すみれSからの臨戦馬については、以前から、エモシオンの好走例(と言っても4着だが)を引き合いに、スローペースしか経験・実績のない馬ではないか、といった観点から好走可能性を分析してきました。過去のすみれS勝ち馬はスローペースばかりを経験しており、短距離で速い流れも経験していたエモシオンとは違う、というものでしたが、今年のすみれSは11F中に13秒以上を含むラップがない(他には2011年のロッカヴェラーノのみ。同馬は皐月賞15番人気で3着に0.2秒差の6着と善戦)、12.6秒以上のラップも2回しかない(過去最少)といった特殊性があります。前走が0.7秒差の楽勝、新馬戦を除く前2走はミドルペースを逃げや2番手で上がり1位を記録していることから、過去のすみれS勝ち馬とは異なる印象があります。
調教時計が遅いのでタフ系の素質があるかはよくわかりませんし、藤岡兄騎手が微妙(この騎手が来るのは大抵、追い込みタイプのため)ですが、ここまで材料があれば相手本線に推したいですね。
ここまでに記載のない馬はデータアートで烙印が多くついており、それを覆す材料がないためコメントを割愛します。
『まとめ』
◎8ファンディーナ(能力の違いに期待して。
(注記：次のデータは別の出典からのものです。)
lemma in_calJ:
  assumes "card (irr_induced G 4) \<le> 1" and "1 < n"
  shows "G \<in> calJ"
proof -
  have "G = Lg n \<or> G = J1 n \<or> G = J3 n \<or> G = J4 n \<or> G \<in> calJ"
    using eq_Lg eq_J1 eq_J3 eq_J4 irreducible_matching.in_calJ[OF irreducible_matching assms]
    by blast
  then show ?thesis
    unfolding calJ_def using n_pos by blast
qed

end

theorem lemma18:
  assumes "ordered_graph G"
    and "oirreducible G"
    and "card (irr_induced G 3) \<le> 1"
    and "card (irr_induced G 4) \<le> 1"
  shows "G \<in> calJ"
proof -
  interpret irreducible_ograph G
    using assms(1,2) by unfold_locales
  show ?thesis
  proof (cases "3 \<le> n")
    case True
    then obtain a b c where abc: "1 \<le> a" "a < b" "b < c" "c \<le> n" "E a c \<or> E a b \<and> E b c"
      by (rule crossing_triple)
    interpret uniform_triples G "E a b" "E a c" "E b c"
      by unfold_locales (use triples_agree[OF assms(3) _ _ _ _ _ abc] in blast)
    show ?thesis
      using in_calJ assms(4) True by simp
  next
    case False
    \<comment> \<open>Without triples the pattern of the complete graph holds vacuously.\<close>
    interpret uniform_triples G True True True
      by unfold_locales (use False in linarith)
    show ?thesis
      using eq_J1 n_pos unfolding calJ_def by blast
  qed
qed

end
単勝も買いたい)
○16クリンチャー(前々で粘り込めそうな穴馬として)
▲7ペルシアンナイト(ローテ疑問も、陣営も想定以上の成長力に期待)
△2スワーヴリチャード(好位から中団までで競馬ができれば好走できそう)
△4カデナ(データ的には推奨材料がある)
△9プラチナヴォイス(ある程度前でタフ系の素質を活かせれば)
△13サトノアレス(G1の流れになって再び浮上する可能性はある)
その他、手広く注を打ち、3連単流し馬券を購入する可能性あり。
今年は穴馬に強い印を打てて楽しみが広がりました。過去の皐月賞予想を糧にした渾身の予想になりますので、参考になるデータ等が少しでもあれば競馬ナンデの拍手を頂ければ励みになります。
http://www.keibanande.net/?m=pc&a=page_l_syousai&target_yosou_id=54548
以上
tipmonaとは?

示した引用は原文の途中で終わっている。